Copy out the lines of the records below, and only those lines, from the one with "by (simp add: zero_excess_def nc_one_def)" through the one with "f (take i v) (drop i v))", exactly as they appear.

Collection entries
--*--

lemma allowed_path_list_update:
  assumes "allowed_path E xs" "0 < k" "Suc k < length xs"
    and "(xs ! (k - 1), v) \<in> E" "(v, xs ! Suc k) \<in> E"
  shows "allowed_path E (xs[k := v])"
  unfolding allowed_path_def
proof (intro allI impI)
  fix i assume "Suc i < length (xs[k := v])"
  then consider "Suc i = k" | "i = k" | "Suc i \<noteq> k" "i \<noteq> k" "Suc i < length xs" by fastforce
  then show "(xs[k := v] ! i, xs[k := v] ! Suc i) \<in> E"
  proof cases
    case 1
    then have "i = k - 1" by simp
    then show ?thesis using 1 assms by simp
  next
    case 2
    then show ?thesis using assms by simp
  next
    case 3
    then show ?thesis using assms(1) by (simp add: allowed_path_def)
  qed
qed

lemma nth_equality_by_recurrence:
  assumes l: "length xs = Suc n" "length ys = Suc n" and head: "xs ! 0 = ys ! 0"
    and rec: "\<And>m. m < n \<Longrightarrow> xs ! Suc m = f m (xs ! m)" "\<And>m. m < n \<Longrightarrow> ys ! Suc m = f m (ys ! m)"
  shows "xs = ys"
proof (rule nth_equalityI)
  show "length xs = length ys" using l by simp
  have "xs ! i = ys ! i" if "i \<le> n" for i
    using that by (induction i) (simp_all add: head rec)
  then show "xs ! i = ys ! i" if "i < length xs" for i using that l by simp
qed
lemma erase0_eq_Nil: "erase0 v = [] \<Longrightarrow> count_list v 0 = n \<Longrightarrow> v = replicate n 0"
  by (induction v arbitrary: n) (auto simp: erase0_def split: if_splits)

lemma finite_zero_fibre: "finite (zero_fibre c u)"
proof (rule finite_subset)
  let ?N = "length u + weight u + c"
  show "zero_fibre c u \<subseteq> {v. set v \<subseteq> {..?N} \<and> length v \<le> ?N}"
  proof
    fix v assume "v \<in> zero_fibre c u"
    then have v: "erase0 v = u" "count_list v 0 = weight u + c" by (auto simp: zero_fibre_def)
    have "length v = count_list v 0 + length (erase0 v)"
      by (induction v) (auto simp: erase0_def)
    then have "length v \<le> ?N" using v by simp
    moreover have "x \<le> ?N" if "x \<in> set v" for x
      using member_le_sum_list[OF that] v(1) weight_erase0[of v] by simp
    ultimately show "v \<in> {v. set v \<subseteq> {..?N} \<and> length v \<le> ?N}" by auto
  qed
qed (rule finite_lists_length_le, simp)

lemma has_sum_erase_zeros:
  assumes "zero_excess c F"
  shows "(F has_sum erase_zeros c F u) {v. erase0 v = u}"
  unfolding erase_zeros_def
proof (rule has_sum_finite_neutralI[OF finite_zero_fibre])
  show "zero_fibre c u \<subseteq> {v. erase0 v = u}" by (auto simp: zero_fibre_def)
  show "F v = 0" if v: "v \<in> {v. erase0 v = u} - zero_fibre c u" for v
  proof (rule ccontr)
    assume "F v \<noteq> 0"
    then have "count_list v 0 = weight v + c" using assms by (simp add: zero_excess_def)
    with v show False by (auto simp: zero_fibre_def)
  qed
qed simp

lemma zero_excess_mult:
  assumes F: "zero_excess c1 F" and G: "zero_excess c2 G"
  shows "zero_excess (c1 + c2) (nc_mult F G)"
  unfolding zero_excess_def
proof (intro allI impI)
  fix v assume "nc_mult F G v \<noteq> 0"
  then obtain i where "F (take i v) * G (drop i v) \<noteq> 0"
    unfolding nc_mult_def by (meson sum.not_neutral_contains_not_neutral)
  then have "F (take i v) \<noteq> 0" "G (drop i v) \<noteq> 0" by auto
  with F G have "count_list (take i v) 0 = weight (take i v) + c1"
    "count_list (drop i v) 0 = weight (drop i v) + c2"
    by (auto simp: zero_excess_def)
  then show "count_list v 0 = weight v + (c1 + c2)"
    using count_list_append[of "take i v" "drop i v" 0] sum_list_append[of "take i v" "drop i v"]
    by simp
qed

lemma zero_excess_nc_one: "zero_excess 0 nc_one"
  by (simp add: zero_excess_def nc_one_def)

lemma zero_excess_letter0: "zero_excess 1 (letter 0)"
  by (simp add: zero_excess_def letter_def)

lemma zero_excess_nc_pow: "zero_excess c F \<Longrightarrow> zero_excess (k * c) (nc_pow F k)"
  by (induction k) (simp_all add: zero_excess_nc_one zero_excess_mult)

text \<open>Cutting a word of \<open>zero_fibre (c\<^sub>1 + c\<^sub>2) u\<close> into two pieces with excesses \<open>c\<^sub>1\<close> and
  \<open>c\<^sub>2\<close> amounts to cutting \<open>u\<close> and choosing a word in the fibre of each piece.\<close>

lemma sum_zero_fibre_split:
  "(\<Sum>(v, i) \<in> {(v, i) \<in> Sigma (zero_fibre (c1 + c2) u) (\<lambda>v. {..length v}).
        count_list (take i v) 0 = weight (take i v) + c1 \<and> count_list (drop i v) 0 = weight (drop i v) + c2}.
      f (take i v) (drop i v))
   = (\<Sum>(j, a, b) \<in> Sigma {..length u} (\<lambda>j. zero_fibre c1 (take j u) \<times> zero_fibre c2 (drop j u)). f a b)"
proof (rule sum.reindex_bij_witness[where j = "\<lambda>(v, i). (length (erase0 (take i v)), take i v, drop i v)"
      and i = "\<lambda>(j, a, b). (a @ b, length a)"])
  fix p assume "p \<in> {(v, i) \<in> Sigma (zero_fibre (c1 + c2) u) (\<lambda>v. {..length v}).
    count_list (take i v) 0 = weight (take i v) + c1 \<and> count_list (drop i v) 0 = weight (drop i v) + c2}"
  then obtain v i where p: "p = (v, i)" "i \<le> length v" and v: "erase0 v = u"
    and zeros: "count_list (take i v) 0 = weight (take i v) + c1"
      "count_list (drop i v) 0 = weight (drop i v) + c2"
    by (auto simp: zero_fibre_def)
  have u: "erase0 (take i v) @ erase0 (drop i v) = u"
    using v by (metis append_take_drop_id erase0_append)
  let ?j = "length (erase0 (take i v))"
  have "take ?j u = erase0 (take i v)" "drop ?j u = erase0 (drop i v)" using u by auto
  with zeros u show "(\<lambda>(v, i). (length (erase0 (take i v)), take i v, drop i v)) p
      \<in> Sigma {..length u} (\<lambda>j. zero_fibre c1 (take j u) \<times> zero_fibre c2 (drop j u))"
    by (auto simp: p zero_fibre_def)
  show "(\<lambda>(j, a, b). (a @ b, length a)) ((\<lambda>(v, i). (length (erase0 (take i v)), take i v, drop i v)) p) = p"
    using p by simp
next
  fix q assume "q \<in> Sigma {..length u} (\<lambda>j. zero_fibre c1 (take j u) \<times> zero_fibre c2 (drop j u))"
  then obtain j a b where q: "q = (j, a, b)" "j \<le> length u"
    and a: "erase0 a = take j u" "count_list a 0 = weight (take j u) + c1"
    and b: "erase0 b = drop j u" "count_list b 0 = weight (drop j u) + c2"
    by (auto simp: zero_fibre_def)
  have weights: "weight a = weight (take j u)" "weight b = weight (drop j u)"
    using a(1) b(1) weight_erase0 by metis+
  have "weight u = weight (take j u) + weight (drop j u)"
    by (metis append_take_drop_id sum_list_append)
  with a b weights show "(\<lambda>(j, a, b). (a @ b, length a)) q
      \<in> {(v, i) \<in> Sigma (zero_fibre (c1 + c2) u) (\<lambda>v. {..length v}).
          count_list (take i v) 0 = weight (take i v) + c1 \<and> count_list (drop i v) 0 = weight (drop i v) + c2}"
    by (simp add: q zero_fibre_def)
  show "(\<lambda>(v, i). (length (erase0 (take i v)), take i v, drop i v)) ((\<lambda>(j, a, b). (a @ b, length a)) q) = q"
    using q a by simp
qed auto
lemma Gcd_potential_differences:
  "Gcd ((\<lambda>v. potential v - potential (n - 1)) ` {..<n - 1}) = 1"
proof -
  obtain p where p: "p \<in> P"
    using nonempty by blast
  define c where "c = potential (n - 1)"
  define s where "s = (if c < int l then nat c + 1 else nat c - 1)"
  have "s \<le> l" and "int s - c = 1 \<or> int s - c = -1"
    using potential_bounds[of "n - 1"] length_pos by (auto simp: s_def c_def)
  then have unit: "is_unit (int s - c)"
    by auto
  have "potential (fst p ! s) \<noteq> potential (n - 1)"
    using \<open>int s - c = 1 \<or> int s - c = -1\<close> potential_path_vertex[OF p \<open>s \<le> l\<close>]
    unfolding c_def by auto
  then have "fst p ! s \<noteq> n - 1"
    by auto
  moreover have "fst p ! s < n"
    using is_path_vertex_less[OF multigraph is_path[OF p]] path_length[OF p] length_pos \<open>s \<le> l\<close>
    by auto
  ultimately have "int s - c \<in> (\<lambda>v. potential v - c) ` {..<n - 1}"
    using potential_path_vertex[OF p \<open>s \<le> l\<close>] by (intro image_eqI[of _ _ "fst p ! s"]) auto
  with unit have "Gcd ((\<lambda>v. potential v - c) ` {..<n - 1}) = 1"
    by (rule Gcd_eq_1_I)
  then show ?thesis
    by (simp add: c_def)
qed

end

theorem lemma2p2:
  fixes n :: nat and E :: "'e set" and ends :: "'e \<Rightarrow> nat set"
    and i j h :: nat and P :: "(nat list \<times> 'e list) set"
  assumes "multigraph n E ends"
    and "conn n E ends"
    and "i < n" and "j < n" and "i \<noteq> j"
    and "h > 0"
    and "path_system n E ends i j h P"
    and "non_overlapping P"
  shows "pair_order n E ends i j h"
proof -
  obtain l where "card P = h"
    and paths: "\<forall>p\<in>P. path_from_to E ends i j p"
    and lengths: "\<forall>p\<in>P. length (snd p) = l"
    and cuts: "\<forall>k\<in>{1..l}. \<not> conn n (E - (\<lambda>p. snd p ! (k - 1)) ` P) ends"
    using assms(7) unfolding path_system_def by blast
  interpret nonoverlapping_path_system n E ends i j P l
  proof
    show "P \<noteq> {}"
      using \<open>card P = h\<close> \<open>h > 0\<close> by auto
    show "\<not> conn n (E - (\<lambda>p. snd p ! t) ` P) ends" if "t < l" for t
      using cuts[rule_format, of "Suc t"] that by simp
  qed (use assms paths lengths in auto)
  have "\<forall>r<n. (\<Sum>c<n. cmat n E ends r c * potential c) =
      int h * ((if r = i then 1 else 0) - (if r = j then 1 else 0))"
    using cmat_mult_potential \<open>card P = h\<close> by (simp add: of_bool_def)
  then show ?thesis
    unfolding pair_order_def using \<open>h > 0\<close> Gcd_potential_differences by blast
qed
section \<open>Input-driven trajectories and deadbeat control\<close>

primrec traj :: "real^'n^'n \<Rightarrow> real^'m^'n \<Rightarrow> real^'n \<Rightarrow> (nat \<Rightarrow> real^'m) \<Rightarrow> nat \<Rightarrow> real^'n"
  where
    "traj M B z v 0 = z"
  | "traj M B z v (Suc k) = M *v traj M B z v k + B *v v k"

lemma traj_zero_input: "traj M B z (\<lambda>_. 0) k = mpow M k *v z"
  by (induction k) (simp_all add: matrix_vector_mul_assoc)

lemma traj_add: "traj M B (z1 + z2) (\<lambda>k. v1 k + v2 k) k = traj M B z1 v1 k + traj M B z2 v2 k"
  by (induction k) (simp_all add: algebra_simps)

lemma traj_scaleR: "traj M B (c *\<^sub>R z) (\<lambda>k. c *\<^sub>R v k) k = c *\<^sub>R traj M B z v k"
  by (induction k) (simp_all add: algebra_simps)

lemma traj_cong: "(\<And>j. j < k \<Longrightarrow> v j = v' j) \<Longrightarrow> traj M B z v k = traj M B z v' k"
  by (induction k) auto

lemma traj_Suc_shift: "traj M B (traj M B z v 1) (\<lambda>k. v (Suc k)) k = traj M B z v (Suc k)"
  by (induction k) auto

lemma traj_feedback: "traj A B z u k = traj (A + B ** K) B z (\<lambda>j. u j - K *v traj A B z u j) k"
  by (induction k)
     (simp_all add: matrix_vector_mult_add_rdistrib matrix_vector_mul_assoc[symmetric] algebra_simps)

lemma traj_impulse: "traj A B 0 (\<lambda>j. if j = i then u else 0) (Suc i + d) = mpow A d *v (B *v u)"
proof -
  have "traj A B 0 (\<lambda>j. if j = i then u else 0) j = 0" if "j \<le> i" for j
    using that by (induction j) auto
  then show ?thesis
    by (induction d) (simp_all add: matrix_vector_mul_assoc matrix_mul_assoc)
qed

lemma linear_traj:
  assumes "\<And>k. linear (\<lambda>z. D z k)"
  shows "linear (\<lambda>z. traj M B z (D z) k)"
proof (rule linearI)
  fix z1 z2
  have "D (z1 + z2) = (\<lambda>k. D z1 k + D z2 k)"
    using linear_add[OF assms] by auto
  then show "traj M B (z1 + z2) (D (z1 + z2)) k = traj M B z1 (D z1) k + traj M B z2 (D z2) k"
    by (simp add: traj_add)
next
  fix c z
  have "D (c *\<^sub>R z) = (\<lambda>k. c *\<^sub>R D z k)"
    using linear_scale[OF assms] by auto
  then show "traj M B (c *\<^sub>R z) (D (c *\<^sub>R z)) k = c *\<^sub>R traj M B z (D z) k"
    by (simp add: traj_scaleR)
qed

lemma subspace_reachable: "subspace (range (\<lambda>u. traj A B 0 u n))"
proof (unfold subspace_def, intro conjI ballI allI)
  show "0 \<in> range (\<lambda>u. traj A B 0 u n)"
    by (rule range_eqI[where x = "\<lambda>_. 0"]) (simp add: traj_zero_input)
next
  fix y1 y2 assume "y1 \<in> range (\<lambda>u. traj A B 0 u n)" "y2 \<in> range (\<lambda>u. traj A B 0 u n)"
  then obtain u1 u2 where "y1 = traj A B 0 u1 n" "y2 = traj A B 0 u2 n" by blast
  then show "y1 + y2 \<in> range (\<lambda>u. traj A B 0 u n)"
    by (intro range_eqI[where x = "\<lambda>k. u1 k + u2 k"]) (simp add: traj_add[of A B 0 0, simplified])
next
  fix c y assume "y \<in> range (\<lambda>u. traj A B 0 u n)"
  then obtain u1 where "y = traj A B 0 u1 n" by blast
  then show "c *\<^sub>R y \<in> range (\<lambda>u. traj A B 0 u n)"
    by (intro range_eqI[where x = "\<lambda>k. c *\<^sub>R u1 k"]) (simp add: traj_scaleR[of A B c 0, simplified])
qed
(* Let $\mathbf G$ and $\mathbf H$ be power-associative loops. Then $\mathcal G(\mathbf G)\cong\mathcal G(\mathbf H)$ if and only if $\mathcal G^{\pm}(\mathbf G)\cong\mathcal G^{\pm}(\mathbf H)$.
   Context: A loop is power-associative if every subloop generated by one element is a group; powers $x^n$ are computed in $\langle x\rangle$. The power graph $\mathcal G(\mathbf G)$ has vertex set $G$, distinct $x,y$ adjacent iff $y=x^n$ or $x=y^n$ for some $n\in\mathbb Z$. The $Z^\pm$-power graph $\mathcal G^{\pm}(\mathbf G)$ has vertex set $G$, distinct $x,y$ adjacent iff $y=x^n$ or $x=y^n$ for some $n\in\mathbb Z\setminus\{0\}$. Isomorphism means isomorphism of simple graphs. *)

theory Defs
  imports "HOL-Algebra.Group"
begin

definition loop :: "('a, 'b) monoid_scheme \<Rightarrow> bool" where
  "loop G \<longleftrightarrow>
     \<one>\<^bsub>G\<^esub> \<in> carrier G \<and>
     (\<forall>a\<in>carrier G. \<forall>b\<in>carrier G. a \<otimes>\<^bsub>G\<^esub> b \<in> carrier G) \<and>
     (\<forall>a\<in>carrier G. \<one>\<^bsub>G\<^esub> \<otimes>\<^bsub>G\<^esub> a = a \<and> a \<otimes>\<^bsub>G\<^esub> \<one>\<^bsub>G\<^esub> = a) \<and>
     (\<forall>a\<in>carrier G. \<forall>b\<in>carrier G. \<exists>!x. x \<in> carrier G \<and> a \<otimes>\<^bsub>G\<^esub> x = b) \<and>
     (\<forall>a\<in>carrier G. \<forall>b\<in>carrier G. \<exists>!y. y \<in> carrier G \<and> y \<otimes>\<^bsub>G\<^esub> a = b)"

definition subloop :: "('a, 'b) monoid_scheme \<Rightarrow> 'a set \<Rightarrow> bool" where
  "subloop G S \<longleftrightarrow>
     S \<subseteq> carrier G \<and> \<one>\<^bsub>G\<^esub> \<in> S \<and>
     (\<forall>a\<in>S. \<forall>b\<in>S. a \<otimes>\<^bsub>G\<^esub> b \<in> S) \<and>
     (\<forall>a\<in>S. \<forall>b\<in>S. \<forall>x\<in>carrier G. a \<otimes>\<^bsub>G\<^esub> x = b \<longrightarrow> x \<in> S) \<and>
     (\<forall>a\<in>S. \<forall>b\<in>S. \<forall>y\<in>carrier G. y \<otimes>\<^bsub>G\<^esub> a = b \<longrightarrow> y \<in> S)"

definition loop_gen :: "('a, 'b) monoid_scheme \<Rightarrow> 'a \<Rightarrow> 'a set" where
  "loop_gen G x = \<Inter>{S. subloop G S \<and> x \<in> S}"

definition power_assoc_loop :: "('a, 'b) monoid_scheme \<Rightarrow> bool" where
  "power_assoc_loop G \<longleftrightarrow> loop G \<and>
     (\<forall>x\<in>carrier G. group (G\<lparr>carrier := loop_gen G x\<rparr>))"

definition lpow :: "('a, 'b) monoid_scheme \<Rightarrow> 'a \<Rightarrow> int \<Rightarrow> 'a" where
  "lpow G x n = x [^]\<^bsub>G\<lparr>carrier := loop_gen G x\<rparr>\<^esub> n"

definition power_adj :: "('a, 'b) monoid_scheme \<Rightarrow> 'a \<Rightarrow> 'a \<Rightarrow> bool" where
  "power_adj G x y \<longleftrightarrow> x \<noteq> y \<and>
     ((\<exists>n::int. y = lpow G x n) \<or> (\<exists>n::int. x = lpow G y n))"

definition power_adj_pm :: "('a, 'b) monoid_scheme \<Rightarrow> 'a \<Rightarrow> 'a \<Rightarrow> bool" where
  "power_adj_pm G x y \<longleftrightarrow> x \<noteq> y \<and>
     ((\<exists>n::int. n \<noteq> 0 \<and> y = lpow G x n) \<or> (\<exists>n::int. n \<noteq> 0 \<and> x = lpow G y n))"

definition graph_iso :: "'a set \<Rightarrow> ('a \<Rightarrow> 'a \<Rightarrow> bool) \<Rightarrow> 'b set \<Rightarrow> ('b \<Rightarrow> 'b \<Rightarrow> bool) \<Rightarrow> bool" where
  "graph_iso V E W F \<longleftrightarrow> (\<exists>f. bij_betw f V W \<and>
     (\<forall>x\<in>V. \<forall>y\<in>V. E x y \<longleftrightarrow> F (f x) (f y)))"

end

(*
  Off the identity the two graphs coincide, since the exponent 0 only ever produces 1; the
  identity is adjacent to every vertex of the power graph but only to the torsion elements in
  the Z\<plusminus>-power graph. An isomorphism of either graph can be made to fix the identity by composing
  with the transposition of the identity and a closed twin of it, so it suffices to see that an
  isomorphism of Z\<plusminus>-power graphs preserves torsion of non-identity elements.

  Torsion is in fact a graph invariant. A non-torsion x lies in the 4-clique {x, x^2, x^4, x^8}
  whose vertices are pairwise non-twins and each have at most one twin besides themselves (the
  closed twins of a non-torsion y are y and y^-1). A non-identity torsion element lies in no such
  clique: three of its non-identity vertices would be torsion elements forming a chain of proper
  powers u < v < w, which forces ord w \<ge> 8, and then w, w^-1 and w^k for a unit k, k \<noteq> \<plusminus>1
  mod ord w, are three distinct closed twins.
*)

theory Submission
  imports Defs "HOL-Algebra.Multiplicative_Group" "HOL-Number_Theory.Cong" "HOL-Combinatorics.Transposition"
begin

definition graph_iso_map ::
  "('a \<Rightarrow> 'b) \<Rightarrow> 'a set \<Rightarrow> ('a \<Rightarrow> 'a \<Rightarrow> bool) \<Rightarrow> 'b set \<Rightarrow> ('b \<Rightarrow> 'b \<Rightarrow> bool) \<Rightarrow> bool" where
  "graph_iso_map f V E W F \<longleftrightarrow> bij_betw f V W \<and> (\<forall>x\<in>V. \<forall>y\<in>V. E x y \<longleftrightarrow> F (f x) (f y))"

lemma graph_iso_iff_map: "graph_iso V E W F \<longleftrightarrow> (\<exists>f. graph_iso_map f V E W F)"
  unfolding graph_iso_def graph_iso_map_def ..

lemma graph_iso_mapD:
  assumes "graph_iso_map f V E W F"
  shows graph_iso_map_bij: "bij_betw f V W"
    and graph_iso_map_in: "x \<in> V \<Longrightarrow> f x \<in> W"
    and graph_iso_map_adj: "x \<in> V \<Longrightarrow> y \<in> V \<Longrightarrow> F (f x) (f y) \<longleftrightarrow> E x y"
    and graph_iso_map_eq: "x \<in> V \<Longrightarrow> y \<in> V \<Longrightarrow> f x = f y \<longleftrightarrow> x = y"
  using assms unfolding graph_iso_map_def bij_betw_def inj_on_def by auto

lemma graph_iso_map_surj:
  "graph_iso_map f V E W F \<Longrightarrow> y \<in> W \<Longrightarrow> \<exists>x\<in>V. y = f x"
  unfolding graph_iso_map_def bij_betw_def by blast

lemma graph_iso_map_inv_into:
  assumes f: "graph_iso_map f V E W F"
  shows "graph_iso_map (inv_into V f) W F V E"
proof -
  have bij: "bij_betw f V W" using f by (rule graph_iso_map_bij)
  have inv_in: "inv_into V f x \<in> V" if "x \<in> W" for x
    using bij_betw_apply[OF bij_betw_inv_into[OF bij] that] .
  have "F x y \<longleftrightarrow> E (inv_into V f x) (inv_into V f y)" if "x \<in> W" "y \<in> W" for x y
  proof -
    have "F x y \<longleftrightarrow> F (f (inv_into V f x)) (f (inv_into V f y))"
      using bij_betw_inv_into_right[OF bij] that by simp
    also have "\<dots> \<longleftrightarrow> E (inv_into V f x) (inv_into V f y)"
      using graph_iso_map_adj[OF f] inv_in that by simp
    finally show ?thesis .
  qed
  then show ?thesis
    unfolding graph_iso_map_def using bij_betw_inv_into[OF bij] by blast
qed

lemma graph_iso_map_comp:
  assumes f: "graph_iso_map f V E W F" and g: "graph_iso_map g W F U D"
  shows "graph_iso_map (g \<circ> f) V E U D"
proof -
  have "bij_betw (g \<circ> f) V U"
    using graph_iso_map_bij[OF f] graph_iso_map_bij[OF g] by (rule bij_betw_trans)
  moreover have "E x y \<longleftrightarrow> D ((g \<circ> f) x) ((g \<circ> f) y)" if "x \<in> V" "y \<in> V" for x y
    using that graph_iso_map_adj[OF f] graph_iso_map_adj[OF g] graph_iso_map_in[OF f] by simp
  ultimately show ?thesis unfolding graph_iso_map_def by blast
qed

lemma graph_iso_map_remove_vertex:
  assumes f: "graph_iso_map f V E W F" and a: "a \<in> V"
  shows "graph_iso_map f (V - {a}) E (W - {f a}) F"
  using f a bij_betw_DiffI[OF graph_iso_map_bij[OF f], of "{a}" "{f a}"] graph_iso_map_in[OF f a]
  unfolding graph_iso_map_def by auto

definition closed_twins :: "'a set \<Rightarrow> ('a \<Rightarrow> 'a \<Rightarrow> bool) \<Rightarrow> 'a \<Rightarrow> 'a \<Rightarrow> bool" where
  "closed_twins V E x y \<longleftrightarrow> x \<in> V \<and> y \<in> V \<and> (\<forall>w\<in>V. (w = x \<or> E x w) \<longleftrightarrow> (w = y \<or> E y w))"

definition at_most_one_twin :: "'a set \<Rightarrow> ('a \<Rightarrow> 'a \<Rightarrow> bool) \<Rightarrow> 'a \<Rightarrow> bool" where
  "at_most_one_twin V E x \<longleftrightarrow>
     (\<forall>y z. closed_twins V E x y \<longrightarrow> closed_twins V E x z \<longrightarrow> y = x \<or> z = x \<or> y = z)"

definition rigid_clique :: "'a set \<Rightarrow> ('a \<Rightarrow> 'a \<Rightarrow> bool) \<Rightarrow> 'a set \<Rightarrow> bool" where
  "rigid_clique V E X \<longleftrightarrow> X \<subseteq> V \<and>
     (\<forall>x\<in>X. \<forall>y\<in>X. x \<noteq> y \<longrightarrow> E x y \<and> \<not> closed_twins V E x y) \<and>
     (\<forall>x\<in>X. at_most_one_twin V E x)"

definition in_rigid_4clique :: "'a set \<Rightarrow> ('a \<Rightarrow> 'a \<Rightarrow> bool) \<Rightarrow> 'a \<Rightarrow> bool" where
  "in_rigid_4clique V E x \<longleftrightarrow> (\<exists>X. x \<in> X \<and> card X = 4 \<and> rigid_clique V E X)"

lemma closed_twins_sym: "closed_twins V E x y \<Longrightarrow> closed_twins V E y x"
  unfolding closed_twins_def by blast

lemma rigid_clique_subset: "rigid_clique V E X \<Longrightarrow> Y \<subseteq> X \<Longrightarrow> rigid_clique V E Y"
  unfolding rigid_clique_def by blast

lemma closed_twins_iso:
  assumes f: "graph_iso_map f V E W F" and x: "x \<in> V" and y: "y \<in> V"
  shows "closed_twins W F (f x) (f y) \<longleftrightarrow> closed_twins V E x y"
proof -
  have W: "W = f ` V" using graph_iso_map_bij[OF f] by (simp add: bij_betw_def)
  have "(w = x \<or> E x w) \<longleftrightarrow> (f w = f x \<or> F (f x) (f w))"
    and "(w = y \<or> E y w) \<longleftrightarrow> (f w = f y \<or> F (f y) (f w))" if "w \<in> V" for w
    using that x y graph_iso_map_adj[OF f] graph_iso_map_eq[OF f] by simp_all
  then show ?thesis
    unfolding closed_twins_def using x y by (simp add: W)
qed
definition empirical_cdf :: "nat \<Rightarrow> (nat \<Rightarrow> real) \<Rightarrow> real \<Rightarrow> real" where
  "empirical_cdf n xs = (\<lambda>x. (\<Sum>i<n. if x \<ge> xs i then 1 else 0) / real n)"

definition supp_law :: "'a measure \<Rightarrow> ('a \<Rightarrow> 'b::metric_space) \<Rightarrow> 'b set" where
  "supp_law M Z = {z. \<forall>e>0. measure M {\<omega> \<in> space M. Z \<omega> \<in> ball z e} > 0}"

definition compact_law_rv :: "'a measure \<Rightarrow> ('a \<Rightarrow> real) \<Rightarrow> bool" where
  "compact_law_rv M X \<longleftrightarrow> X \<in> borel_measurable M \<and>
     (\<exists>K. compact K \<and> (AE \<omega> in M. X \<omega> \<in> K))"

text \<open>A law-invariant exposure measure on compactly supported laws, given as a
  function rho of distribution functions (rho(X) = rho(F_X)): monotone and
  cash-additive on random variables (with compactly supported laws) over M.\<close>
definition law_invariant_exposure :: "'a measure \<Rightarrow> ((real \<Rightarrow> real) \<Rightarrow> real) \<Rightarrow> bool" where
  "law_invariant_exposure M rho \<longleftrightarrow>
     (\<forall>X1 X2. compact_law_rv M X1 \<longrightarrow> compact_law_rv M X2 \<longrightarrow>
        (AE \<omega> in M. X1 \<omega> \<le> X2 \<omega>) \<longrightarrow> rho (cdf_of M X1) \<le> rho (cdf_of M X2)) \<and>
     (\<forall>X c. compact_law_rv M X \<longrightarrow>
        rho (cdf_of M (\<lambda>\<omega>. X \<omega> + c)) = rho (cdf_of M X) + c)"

--*--

◆ **The answer**:
  by (simp add: zero_excess_def nc_one_def)

lemma zero_excess_letter0: "zero_excess 1 (letter 0)"
  by (simp add: zero_excess_def letter_def)

lemma zero_excess_nc_pow: "zero_excess c F \<Longrightarrow> zero_excess (k * c) (nc_pow F k)"
  by (induction k) (simp_all add: zero_excess_nc_one zero_excess_mult)

text \<open>Cutting a word of \<open>zero_fibre (c\<^sub>1 + c\<^sub>2) u\<close> into two pieces with excesses \<open>c\<^sub>1\<close> and
  \<open>c\<^sub>2\<close> amounts to cutting \<open>u\<close> and choosing a word in the fibre of each piece.\<close>

lemma sum_zero_fibre_split:
  "(\<Sum>(v, i) \<in> {(v, i) \<in> Sigma (zero_fibre (c1 + c2) u) (\<lambda>v. {..length v}).
        count_list (take i v) 0 = weight (take i v) + c1 \<and> count_list (drop i v) 0 = weight (drop i v) + c2}.
      f (take i v) (drop i v))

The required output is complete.